Grants help pay for energy efficiency at new Carrie Busey

CHAMPAIGN — The Illinois Clean Energy Community Foundation awarded Champaign's school district three grants totalling $216,500 for some of the energy-efficiencies being built into the new Carrie Busey Elementary School.

The school is under construction in Savoy.

District grant writer Sue Schumacher said the grants will help make up for the extra cost of installing energy-efficient equipment. If the district pays less for things like geothermal heating and cooling and heating water with solar panels upfront, she said, those systems will pay for themselves sooner.

One $75,000 grant will help the district pay for designing a LEED-certified building and going through the process of making sure all its energy-efficient systems are installed and working correctly.
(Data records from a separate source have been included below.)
(* Let $n$ be a positive integer and let $F=O\times\{0,n\}\subset\mathbb{Z}^3$ be the filler, where $O=\{-1,0,1\}^2\setminus\{(0,0)\}$. If $E\subset\mathbb{Z}^3$ contains some translate of $\{-1,0,1\}^2\times\{0\}$ as a subset, then $F$ does not tile $E$, i.e. there is no $W\subset\mathbb{Z}^3$ with $W\oplus F$ non-overlapping and $W\oplus F=E$.
   Context: $A\oplus B=\{a+b: a\in A, b\in B\}$; it is non-overlapping if each element arises from a unique pair $(a,b)$. *)

theory Defs
  imports Main
begin

type_synonym pt3 = "int \<times> int \<times> int"

definition add3 :: "pt3 \<Rightarrow> pt3 \<Rightarrow> pt3" where
  "add3 p q = (fst p + fst q, fst (snd p) + fst (snd q), snd (snd p) + snd (snd q))"

definition msum :: "pt3 set \<Rightarrow> pt3 set \<Rightarrow> pt3 set" where
  "msum A B = {add3 a b | a b. a \<in> A \<and> b \<in> B}"

definition non_overlapping :: "pt3 set \<Rightarrow> pt3 set \<Rightarrow> bool" where
  "non_overlapping A B = (\<forall>a\<in>A. \<forall>b\<in>B. \<forall>a'\<in>A. \<forall>b'\<in>B.
      add3 a b = add3 a' b' \<longrightarrow> a = a' \<and> b = b')"

definition tiles :: "pt3 set \<Rightarrow> pt3 set \<Rightarrow> bool" where
  "tiles F E = (\<exists>W. non_overlapping W F \<and> msum W F = E)"

definition square3 :: "pt3 set" where
  "square3 = {(x, y, 0) | x y. x \<in> {-1..1} \<and> y \<in> {-1..1}}"

definition ring_O :: "(int \<times> int) set" where
  "ring_O = ({-1..1} \<times> {-1..1}) - {(0, 0)}"

definition filler :: "nat \<Rightarrow> pt3 set" where
  "filler n = {(x, y, z) | x y z. (x, y) \<in> ring_O \<and> z \<in> {0, int n}}"

end

theory Submission
  imports Defs
begin

(* Since (0,0) is not in O, a translate w + F leaves the centre w + (0,0,z) of each of its layers
   uncovered. Another translate w' + (u,v,z') covering it would meet w + F in layer z: any d with d
   and d + (u,v) both in O gives w + (d,z) = w' + (d + (u,v), z'), contradicting non-overlap.
   A square {-1,0,1}^2 x {0} around a point w + (x,y,z) of E contains such a centre. *)

lemma mem_filler_iff [simp]:
  "(x, y, z) \<in> filler n \<longleftrightarrow> (x, y) \<in> ring_O \<and> z \<in> {0, int n}"
  by (auto simp: filler_def)

lemma ring_O_meets_shifted_ring_O:
  assumes "(u, v) \<in> ring_O"
  shows "\<exists>d e. (d, e) \<in> ring_O \<and> (d + u, e + v) \<in> ring_O"
proof (cases "u = 0")
  case True
  then show ?thesis
    using assms by (intro exI[of _ 1] exI[of _ 0]) (auto simp: ring_O_def)
next
  case False
  then show ?thesis
    using assms by (intro exI[of _ "-u"] exI[of _ "if v = 0 then 1 else 0"]) (auto simp: ring_O_def)
qed

lemma layer_centre_notin_msum_filler:
  assumes non_overlap: "non_overlapping W (filler n)"
    and "w \<in> W" and z: "z \<in> {0, int n}"
  shows "add3 w (0, 0, z) \<notin> msum W (filler n)"
proof
  assume "add3 w (0, 0, z) \<in> msum W (filler n)"
  then obtain w' u v z' where "w' \<in> W" and uv: "(u, v) \<in> ring_O" and z': "z' \<in> {0, int n}"
    and centre: "add3 w (0, 0, z) = add3 w' (u, v, z')"
    unfolding msum_def filler_def by blast
  obtain d e where de: "(d, e) \<in> ring_O" "(d + u, e + v) \<in> ring_O"
    using ring_O_meets_shifted_ring_O[OF uv] by blast
  have "add3 w (d, e, z) = add3 w' (d + u, e + v, z')"
    using centre by (auto simp: add3_def)
  then have "w = w'"
    using non_overlap \<open>w \<in> W\<close> \<open>w' \<in> W\<close> de z z'
    unfolding non_overlapping_def by (metis mem_filler_iff)
  with centre have "(u, v) = (0, 0)"
    by (auto simp: add3_def)
  with uv show False
    by (simp add: ring_O_def)
qed

theorem lemma4p2:
  fixes n :: nat and E :: "pt3 set"
  assumes "n > 0"
    and "\<exists>t. (\<lambda>p. add3 t p) ` square3 \<subseteq> E"
  shows "\<not> tiles (filler n) E"
proof
  assume "tiles (filler n) E"
  then obtain W where non_overlap: "non_overlapping W (filler n)" and E: "msum W (filler n) = E"
    unfolding tiles_def by blast
  obtain t where square: "(\<lambda>p. add3 t p) ` square3 \<subseteq> E"
    using assms(2) by blast
  have "add3 t (0, 0, 0) \<in> E"
    using square by (auto simp: square3_def)
  then obtain w x y z where "w \<in> W" and xy: "(x, y) \<in> ring_O" and z: "z \<in> {0, int n}"
    and t: "add3 t (0, 0, 0) = add3 w (x, y, z)"
    unfolding E[symmetric] msum_def filler_def by blast
  have "add3 t (-x, -y, 0) \<in> E"
    using square xy by (auto simp: square3_def ring_O_def)
  moreover have "add3 t (-x, -y, 0) = add3 w (0, 0, z)"
    using t by (auto simp: add3_def)
  ultimately show False
    using layer_centre_notin_msum_filler[OF non_overlap \<open>w \<in> W\<close> z] E by simp
qed

end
"It's a very important part of the process that provides an additional step that the district can be sure that they're getting what they paid for and it's operating as intended," said architect Stuart Brodsky, of OWP/P Canon Design who worked on the building's design.

A $90,000 grant will help pay for the school's geothermal system, which is expected to save about 54 percent of energy, as compared with the least efficient system required.

And finally, a $51,000 will help the district pay for a system that will heat 62 percent of the school's hot water with solar energy. That grant will pay for up to 60 percent of the system, according to a release from the district.

"This is a system that uses the sun to help heat the hot water in the building," Brodsky said. "There are a series of panels on the roof with water circulating through them."

The system means the district will pay less to operate hot water heaters.

"(The grant is) helping defray the initial construction cost of that kind of system, similar to geothermal grant that's helping defray that initial cost," Brodsky said.

Brodsky said the grants will help the district be more energy efficient.

"It's a very good thing for the district," Brodsky said. "They're doing a great job of providing leadership to the community to design buildings that will provide energy efficiency into the future, and they're being good stewards of the environment."

While these are the first grants for the new Carrie Busey school specifically, Schumacher said, they're a part of the district's larger plan to use energy wisely. And in the letter the district received awarding the grant for the solar water heating system, the Illinois Clean Energy Community Foundation acknowledged that.

"It's really part of a much larger plan," she said.